Platelet function abnormalities in acquired hemophilia A

Background: The bleeding pattern in acquired hemophilia A (AHA) differs from that of inherited hemophilia, being characterized by soft tissue and muscle hematomas, mucocutaneous bleeding, but seldom joint bleeding. Platelet function disorders are inherited or acquired. The acquired forms may appear in association with medications, medical conditions, and autoimmune disorders. Objectives: We chose to investigate platelet function in a series of patients with AHA due to autoantibodies inactivating coagulation factor (F)VIII. Methods: Platelet function disorders were assessed at AHA diagnosis in platelet-rich plasma according to the Scientific Subcommittee of the International Society on Thrombosis and Haemostasis recommendations. In addition, the δ- and α-granule platelet content—that is, adenine nucleotides (ADP and ATP), serotonin and β-thromboglobulin—were measured.
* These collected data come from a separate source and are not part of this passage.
(* Let $m$ be a positive integer and let $\mathcal{P}\in\mathbb{R}^{m\times 123}$ be the bar code forward map $\mathcal{P}=\alpha\,\mathcal{G}(\sigma)\,\mathcal{D}$ described in the context, with columns labelled $p^{(j)}_k$ ($j\in[15]$, $k\in K_j$). Let $I_1,\dots,I_{15}\subset[m]$ and $\varepsilon\in\mathbb{R}$ satisfy (i) $\big\| p^{(j)}_k|_{[m]\setminus I_j}\big\|_1<\varepsilon$ for all $j\in[15]$ and all $k\in K_j$; and (ii) $\Big\| \big(\sum_{j'=j+1}^{15} p^{(j')}_{k_{j'}}\big)\big|_{I_j}\Big\|_1<\varepsilon$ for all $j\in[15]$ and all choices $k_{j+1}\in K_{j+1},\dots,k_{15}\in K_{15}$ (the empty sum, for $j=15$, being $0$). Let $x\in\{0,1\}^{123}$ be a bar code vector, let $h\in\mathbb{R}^m$, and let $d=\mathcal{P}x+h$. Suppose that $$\big\| p^{(j)}_{k_1}|_{I_j}-p^{(j)}_{k_2}|_{I_j}\big\|_1>2\big(\|h|_{I_j}\|_1+2\varepsilon\big)$$ for all $j\in[15]$ and all $k_1,k_2\in K_j$ with $k_1\neq k_2$. Then Algorithm 1, run on input $d$, outputs $\hat x=x$ (regardless of how ties in the argmin are broken).
   Context: Notation: $[m]=\{1,\dots,m\}$. For $v\in\mathbb{R}^m$ and $S\subset[m]$, $v|_S$ denotes the vector of entries of $v$ indexed by $S$, and $\|\cdot\|_1$ is the $\ell_1$ norm. Forward map. Let $n=95$, let $t_1,\dots,t_m\in[0,95]$ be equally spaced points, and let $\sigma>0$, $\alpha>0$. $\mathcal{G}(\sigma)\in\mathbb{R}^{m\times 95}$ has entries $\mathcal{G}_{kj}=\frac{1}{\sqrt{2\pi}\sigma}\int_{j-1}^{j} e^{-(t_k-t)^2/(2\sigma^2)}\,dt$. Let $L,R$ be the $7\times 10$ binary matrices whose $(d+1)$-st column ($d=0,\dots,9$) is respectively the L-pattern and the R-pattern of digit $d$, where the L-patterns for digits $0,\dots,9$ are $0001101,0011001,0010011,0111101,0100011,0110001,0101111,0111011,0110111,0001011$ and each R-pattern is the corresponding L-pattern with $0$s and $1$s interchanged. Let $S=E=(1,0,1)^T$ and $M=(0,1,0,1,0)^T$. $\mathcal{D}\in\{0,1\}^{95\times 123}$ is the block-diagonal matrix $\mathrm{diag}(S,L,L,L,L,L,L,M,R,R,R,R,R,R,E)$. Set $\mathcal{P}=\alpha\mathcal{G}(\sigma)\mathcal{D}$. Column labelling. Let $K_j=\{1\}$ for $j\in\{1,8,15\}$ and $K_j=[10]$ otherwise. $p^{(1)}_1$ is column 1 of $\mathcal{P}$; for $j=2,\dots,7$ and $k\in[10]$, $p^{(j)}_k$ is column $1+10(j-2)+k$; $p^{(8)}_1$ is column 62; for $j=9,\dots,14$ and $k\in[10]$, $p^{(j)}_k$ is column $62+10(j-9)+k$; $p^{(15)}_1$ is column 123. Bar code vector: $x\in\{0,1\}^{123}$ with $x_1=x_{62}=x_{123}=1$ and such that each of the twelve consecutive blocks of $10$ entries with indices $2\!-\!11,12\!-\!21,\dots,52\!-\!61,63\!-\!72,\dots,113\!-\!122$ contains exactly one entry equal to $1$; equivalently $\mathcal{P}x=\sum_{j=1}^{15}p^{(j)}_{k_j}$ for some $k_j\in K_j$. Algorithm 1 (input $d\in\mathbb{R}^m$): set $\hat x_\ell=1$ for $\ell\in\{1,62,123\}$ and $\hat x_\ell=0$ otherwise; set $\delta\leftarrow d-p^{(1)}_1$. For $j=2,3,\dots,14$ in increasing order: if $j=8$, set $\delta\leftarrow\delta-p^{(8)}_1$; otherwise choose $k_{\min}\in\arg\min_{k\in[10]}\|\delta-p^{(j)}_k\|_1$, set $\hat x_\ell=1$ where $\ell$ is the column index of $p^{(j)}_{k_{\min}}$ (i.e. $\ell=1+10(j-2)+k_{\min}$ if $j\le7$, $\ell=62+10(j-9)+k_{\min}$ if $j\ge9$), and set $\delta\leftarrow\delta-p^{(j)}_{k_{\min}}$. Output $\hat x$. *)

theory Defs
  imports "HOL-Analysis.Analysis"
begin
lemma acyclic_edges_bridge:
  assumes acyclic: "acyclic_edges E" and edge: "{y, n} \<in> E" and "y \<noteq> n"
  shows "(y, n) \<notin> (adjrel (E - {{y, n}}))\<^sup>*"
proof
  let ?r = "\<lambda>a b. (a, b) \<in> adjrel (E - {{y, n}})"
  assume "(y, n) \<in> (adjrel (E - {{y, n}}))\<^sup>*"
  then have "?r\<^sup>*\<^sup>* y n"
    by (simp add: rtranclp_rtrancl_eq)
  then obtain xs where "rtrancl_path ?r y xs n"
    by (auto simp: rtranclp_eq_rtrancl_path)
  then obtain ys where path: "rtrancl_path ?r y ys n" and dist: "distinct (y # ys)"
    by (rule rtrancl_path_distinct)
  have "ys \<noteq> []"
    using path \<open>y \<noteq> n\<close> by (auto elim: rtrancl_path.cases)
  have last: "last ys = n"
    using path \<open>ys \<noteq> []\<close> by (rule rtrancl_path_last)
  have "length ys \<noteq> 1"
  proof
    assume "length ys = 1"
    then have "ys = [n]"
      using last by (cases ys) auto
    then show False
      using rtrancl_path_nth[OF path, of 0] by (simp add: adjrel_def)
  qed
  with \<open>ys \<noteq> []\<close> have length: "length (y # ys) \<ge> 3"
    by (cases ys) (auto simp: Suc_le_eq)
  have "{(y # ys) ! i, (y # ys) ! ((i + 1) mod length (y # ys))} \<in> E"
    if "i < length (y # ys)" for i
  proof (cases "i < length ys")
    case True
    then show ?thesis
      using rtrancl_path_nth[OF path True] by (simp add: adjrel_def)
  next
    case False
    with that have "i = length ys" by simp
    then show ?thesis
      using edge last \<open>ys \<noteq> []\<close> by (simp add: last_conv_nth insert_commute)
  qed
  with acyclic dist length show False
    unfolding acyclic_edges_def by blast
qed
lemma receiver_decodes:
  assumes "k < K"
  shows "lin_decodable TYPE('a::{field,finite}) K D U k"
proof (rule lin_decodableI)
  fix i assume i: "i \<in> {1..u}"
  define s0 where "s0 = (k div a + (i - 1)) mod m"
  have "s0 < m" "u - i < n"
    using \<Delta>_less_m u_le_n i unfolding s0_def by auto
  obtain \<alpha> :: "nat \<Rightarrow> 'a" where \<alpha>_s0: "(\<Sum>t<n. AIR m n s0 t * \<alpha> t) = 1"
    and \<alpha>_supp: "\<And>s. s < m \<Longrightarrow> (\<Sum>t<n. AIR m n s t * \<alpha> t) \<noteq> 0 \<Longrightarrow>
      s = s0 \<or> (\<exists>\<mu><m - n. s = (s0 + (u - i) + 1 + \<mu>) mod m)"
    using AIR_decoding_vector[OF n_pos _ \<open>s0 < m\<close> \<open>u - i < n\<close>] by auto
  define v where "v s = (\<Sum>t<n. AIR m n s t * \<alpha> t)" for s
  have other_rows: "side_form k (\<lambda>x. v s * y_sym K D U x s)" if row: "s \<in> {..<m} - {s0}" for s
  proof (cases "v s = 0")
    case True
    then show ?thesis
      using side_form_zero by simp
  next
    case False
    then obtain \<mu> where "\<mu> < \<Delta>" and s: "s = (s0 + (u - i) + 1 + \<mu>) mod m"
      using \<alpha>_supp[of s] row \<Delta>_less_m unfolding v_def by auto
    have "s = (k div a + (i - 1) + (u - i + 1 + \<mu>)) mod m"
      unfolding s s0_def by (metis add.assoc mod_add_left_eq)
    also have "k div a + (i - 1) + (u - i + 1 + \<mu>) = k div a + (u + \<mu>)"
      using i by auto
    finally show ?thesis
      using side_form_scale[OF side_form_y_after[OF \<open>\<mu> < \<Delta>\<close>], where c = "v s"] by simp
  qed
  have "(\<lambda>x :: nat \<Rightarrow> nat \<Rightarrow> 'a. x k i - (\<Sum>t<n. \<alpha> t * code_sym K D U x t))
      = (\<lambda>x. - (y_sym K D U x s0 - x k i) - (\<Sum>s\<in>{..<m} - {s0}. v s * y_sym K D U x s))"
    unfolding v_def by (rule ext) (simp add: code_combination[OF \<open>s0 < m\<close> \<alpha>_s0])
  moreover have "side_form k (\<lambda>x :: nat \<Rightarrow> nat \<Rightarrow> 'a. - (y_sym K D U x s0 - x k i)
      - (\<Sum>s\<in>{..<m} - {s0}. v s * y_sym K D U x s))"
    using side_form_diff[OF side_form_uminus[OF side_form_y_own[OF assms i, folded s0_def]]
        side_form_sum[where S = "{..<m} - {s0}" and f = "\<lambda>s x. v s * y_sym K D U x s", OF _ other_rows]]
    by simp
  ultimately show "\<exists>\<alpha>. side_form k (\<lambda>x :: nat \<Rightarrow> nat \<Rightarrow> 'a. x k i - (\<Sum>t<n. \<alpha> t * code_sym K D U x t))"
    by (intro exI[of _ \<alpha>]) (simp only:)
qed
lemma var_dist_user_block_le:
  fixes p :: "bool pmf"
  assumes tu: "two_universal N r F" and N: "N > 0"
    and rs: "r + s l = m l"
    and rate: "real r + real N * \<xi> \<le> real N * (entropy2 p - delta_star L N)"
    and enc: "var_dist (map_pmf (enc l) (unif_bits (m l))) (replicate_pmf N p) \<le> \<delta>"
  shows "var_dist (bind_pmf (pmf_of_set F) (\<lambda>G. encoder_chain enc m s l G n)) (replicate_pmf N p)
    \<le> \<delta> + real n * (2 powr (- real N * \<xi> / 2) + 2 / real N + \<delta>)"
proof -
  let ?D = "pmf_of_set F" and ?Q = "replicate_pmf N p"
  define R where "R = real r + real N * \<xi>"
  have F: "finite F" "F \<noteq> {}"
    using tu by (simp_all add: two_universal_def)
  have fin: "finite (set_pmf ?D)" "finite (set_pmf ?Q)"
    using F by (simp_all add: finite_set_replicate_pmf)
  have "var_dist (bind_pmf ?D (\<lambda>G. map_pmf (\<lambda>x. (G, G x)) ?Q))
      (bind_pmf ?D (\<lambda>G. map_pmf (Pair G) (unif_bits r)))
      \<le> sqrt (2 ^ r * 2 powr (- R)) + 2 * measure_pmf.prob ?Q {x. 2 powr (- R) < pmf ?Q x}"
    by (rule leftover_hash[OF tu]) (auto simp: set_replicate_pmf)
  also have "sqrt (2 ^ r * 2 powr (- R)) = 2 powr (- real N * \<xi> / 2)"
    by (simp add: R_def powr_realpow[symmetric] powr_add[symmetric] powr_half_sqrt[symmetric]
        powr_powr)
  also have "measure_pmf.prob ?Q {x. 2 powr (- R) < pmf ?Q x} \<le> 1 / real N"
    using rate by (intro prob_replicate_pmf_atypical_le[OF N]) (simp add: R_def)
  finally have hash: "var_dist (bind_pmf ?D (\<lambda>G. map_pmf (\<lambda>x. (G, G x)) ?Q))
      (bind_pmf ?D (\<lambda>G. map_pmf (Pair G) (unif_bits r))) \<le> 2 powr (- real N * \<xi> / 2) + 2 / real N"
    by simp
  have "var_dist (map_pmf snd (bind_pmf ?D (\<lambda>G. map_pmf (Pair G) (encoder_chain enc m s l G n))))
      (map_pmf snd (bind_pmf ?D (\<lambda>G. map_pmf (Pair G) ?Q)))
    \<le> var_dist (bind_pmf ?D (\<lambda>G. map_pmf (Pair G) (encoder_chain enc m s l G n)))
        (bind_pmf ?D (\<lambda>G. map_pmf (Pair G) ?Q))"
    using fin by (intro var_dist_map_pmf_le) (auto simp: set_bind_pmf finite_set_encoder_chain)
  also have "\<dots> \<le> \<delta> + real n * (2 powr (- real N * \<xi> / 2) + 2 / real N + \<delta>)"
    by (rule var_dist_encoder_chain_le[where enc = enc and l = l and m = m and s = s,
          OF fin rs enc hash])
  finally show ?thesis
    by (simp add: map_bind_pmf map_pmf_comp bind_pmf_const)
qed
CD40L and soluble P-selectin were also measured in plasma to investigate in vivo platelet activation. Results: In 11 cases with AHA and a median age of 67 years, FVIII coagulant activity was unmeasurable, the inhibitor titer was <20 Bethesda Units in 5 cases (45%) and higher than 20 Bethesda Units in 6 cases (55%). All patients showed reduced platelet aggregation and secretion. Furthermore, 4 cases with monoclonal gammopathy of undetermined significance had worse aggregation responses and an abnormal δ-granule platelet content, supporting a diagnosis of δ storage pool disease. Following remission the intraplatelet levels of ADP and serotonin improved. Conclusion: This study demonstrates that acquired platelet function abnormalities may be present in patients with AHA and perhaps contribute to the severity of their bleeding tendency.